Okay before this gets blown out of proportion! (lol) Here is exactly what happened in 'Tantra' last night hah:
I waited for roughly 30mins in the cloakroom que for my jacket till I finally reached the front
However, when I got to the front and asked for my jacket, to my dismay, when I searched my pockets for my ticket, it quickly became apparent that I had misplaced mine ticket for yonder jacket (okay id lost my ticket but common what sensible person, drunk enough to make 'Tantra' bearable wouldn’t also have lost their ticket?!)
So I exclaimed, that I could describe the jacket completely, including what was in the pockets and the brand.
However, before I could even finish my sentence they interrupted me and told me that if I didn’t have a ticket I definitely wasn’t getting my jacket
At this point I decided to appeal to their common sense, (Of which, I soon discovered, they had about the equivalent of to that of an eccentric banana…) Drawing her attention to the fact it had recently been snowing and was absolutely baltic outside; why would I have walked to a club without a jacket in the current semi-arctic conditions currently imposed upon us?! –And, lets be honest, it was more than feasible, in itself that I could have lost my ticket but still have checked my jacket into the cloakroom earlier…. A claim which they had earlier had the temerity to rebuke!!
Following this, they LITERALLY looked away from me and started texting on their phone!
(And I was like awww no she diidn’t…!)
And decided there was no way I was giving that shite-hole the satisfaction of handing out yet another jacket to the first bawbag in the que to take a chance and claim it for themselves (yes such scandal is typical of the place!)
So, YES, (haha) I did subsequently take it upon myself to hop over the counter (to, granted, the eminent shock of the attendant)grab my jacket and hop back over- I wasn’t dying of cold for those Neanderthals!
As I walked out the door I then tried to explain to her that I was merely doing what any sensible person, confronted by such a predicament, would have done in my position.
However, as I attempted to walk, with the swagger typical of one vindicated by such unequivocal success, out the door,
The cloakroom attendant suddenly squealed for the bouncers.
*Here it goes, one thought to oneself…*
And within, what seemed like seconds, I had three bouncers clinging to me like dangleberries as I half walked, half shoved my way out onto the street.

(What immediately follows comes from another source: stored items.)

lemma gap_second_deriv_at_0:
  assumes Q: "admissible Q" and Qs: "admissible Qs" and i: "i \<in> {1,2}"
  shows "exp_sum (exp_sum_deriv (exp_sum_deriv (gap_terms g1 g2 i Q Qs))) 0
    = (\<Sum>\<mu>\<in>{1,2}. (\<mu> * reward g1 g2 Q i - reward_drift g1 g2 Q i - \<mu>\<^sup>2 * mode_value g1 g2 Qs \<mu> i
        + (2 * \<mu> + jump_rate Q) * mode_drift g1 g2 Q Qs \<mu> i) / 2)"
proof -
  let ?s = "jump_rate Q" and ?A = "reward_limit g1 g2 Q i" and ?B = "reward_rise g1 g2 Q i"
  let ?W = "\<lambda>\<mu>. mode_value g1 g2 Qs \<mu> i" and ?D = "\<lambda>\<mu>. mode_drift g1 g2 Q Qs \<mu> i"
  have "exp_sum (exp_sum_deriv (exp_sum_deriv (gap_terms g1 g2 i Q Qs))) 0
    = (\<Sum>\<mu>\<in>{1,2}. \<mu> * (\<mu> * ((?A / \<mu> - ?W \<mu> - ?D \<mu> / ?s) / 2))
        + (\<mu> + ?s) * ((\<mu> + ?s) * ((?D \<mu> / ?s - ?B / (\<mu> + ?s)) / 2)))"
    by (simp add: exp_sum_second_deriv_at_0 gap_terms_def algebra_simps)
  also have "\<dots> = (\<Sum>\<mu>\<in>{1,2}. (\<mu> * reward g1 g2 Q i - reward_drift g1 g2 Q i - \<mu>\<^sup>2 * ?W \<mu>
      + (2 * \<mu> + ?s) * ?D \<mu>) / 2)"
  proof (intro sum.cong refl)
    fix \<mu> :: real
    assume "\<mu> \<in> {1,2}"
    then have pos: "\<mu> > 0" "\<mu> + ?s > 0"
      using jump_rate_nonneg[OF Q] by auto
    have "?s * (?D \<mu> / ?s) = ?D \<mu>"
      unfolding mode_drift_def by (rule jump_rate_mult_genQ_sum_div[OF Q])
    moreover have "?s * ?B = reward_drift g1 g2 Q i"
      unfolding reward_rise_def reward_drift_def by (rule jump_rate_mult_genQ_sum_div[OF Q])
    ultimately show "\<mu> * (\<mu> * ((?A / \<mu> - ?W \<mu> - ?D \<mu> / ?s) / 2))
        + (\<mu> + ?s) * ((\<mu> + ?s) * ((?D \<mu> / ?s - ?B / (\<mu> + ?s)) / 2))
      = (\<mu> * reward g1 g2 Q i - reward_drift g1 g2 Q i - \<mu>\<^sup>2 * ?W \<mu> + (2 * \<mu> + ?s) * ?D \<mu>) / 2"
      by (subst gap_mode_moments(2)[OF pos]) (simp add: reward_limit_def)
  qed
  finally show ?thesis .
qed

lemma liminf_gap_quotient:
  assumes Q: "admissible Q" and Qs: "admissible Qs" and i: "i \<in> {1,2}"
  shows "Liminf (at_right 0) (\<lambda>e. ereal ((F discount g1 g2 i Qs - Fcat discount g1 g2 i Q e Qs) / e))
    = ereal (hamiltonian discount g1 g2 Qs i Qs - hamiltonian discount g1 g2 Qs i Q)"
proof -
  have "((\<lambda>e. exp_sum (gap_terms g1 g2 i Q Qs) e / e)
      \<longlongrightarrow> hamiltonian discount g1 g2 Qs i Qs - hamiltonian discount g1 g2 Qs i Q) (at_right 0)"
    using tendsto_quotient_at_right_0[OF exp_sum_has_real_derivative gap_at_0[of g1 g2 i Q Qs]]
    by (simp add: gap_deriv_at_0[OF Q Qs i])
  moreover have "eventually (\<lambda>e. exp_sum (gap_terms g1 g2 i Q Qs) e / e
      = (F discount g1 g2 i Qs - Fcat discount g1 g2 i Q e Qs) / e) (at_right 0)"
    using eventually_at_right_less[of 0] by eventually_elim (simp add: gap_eq_exp_sum[OF Q Qs i])
  ultimately have "((\<lambda>e. (F discount g1 g2 i Qs - Fcat discount g1 g2 i Q e Qs) / e)
      \<longlongrightarrow> hamiltonian discount g1 g2 Qs i Qs - hamiltonian discount g1 g2 Qs i Q) (at_right 0)"
    by (rule Lim_transform_eventually)
  then show ?thesis
    by (intro lim_imp_Liminf tendsto_ereal) simp_all
qed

However, when I reached the street and the realisation occurred to them that. For once. Someone was ACTUALLY about to leave Tantra in possession of their OWN jacket?! And that they still hadn’t managed, despite my inebriation and their weight (which it turned out was mostly centred around their abdomen) In numbers; they turned out to have upper-body strength, comparable to that of my left eyelid…
They decided to crank it up a notch; one wrapping their arm round my neck and, attempting to choke me, whilst the other two continued to wrestle MY jacket out my hands. All this, despite my polite explanation, that it was rather cold and I was afraid that I would not be able to return my jacket to them; as much as I didn’t wish for them to lose face.
This was apparently not good enough for them though and after a pitiful 5 minutes of a girly tug-of-war. I finally decided to impose a compromise; the terms of which were that I would come back the next day for the jacket.
Yip; Returning to that alcohol and spew soaked Cesspit… will be… my first act of the day and yes… it will be extremely awkward!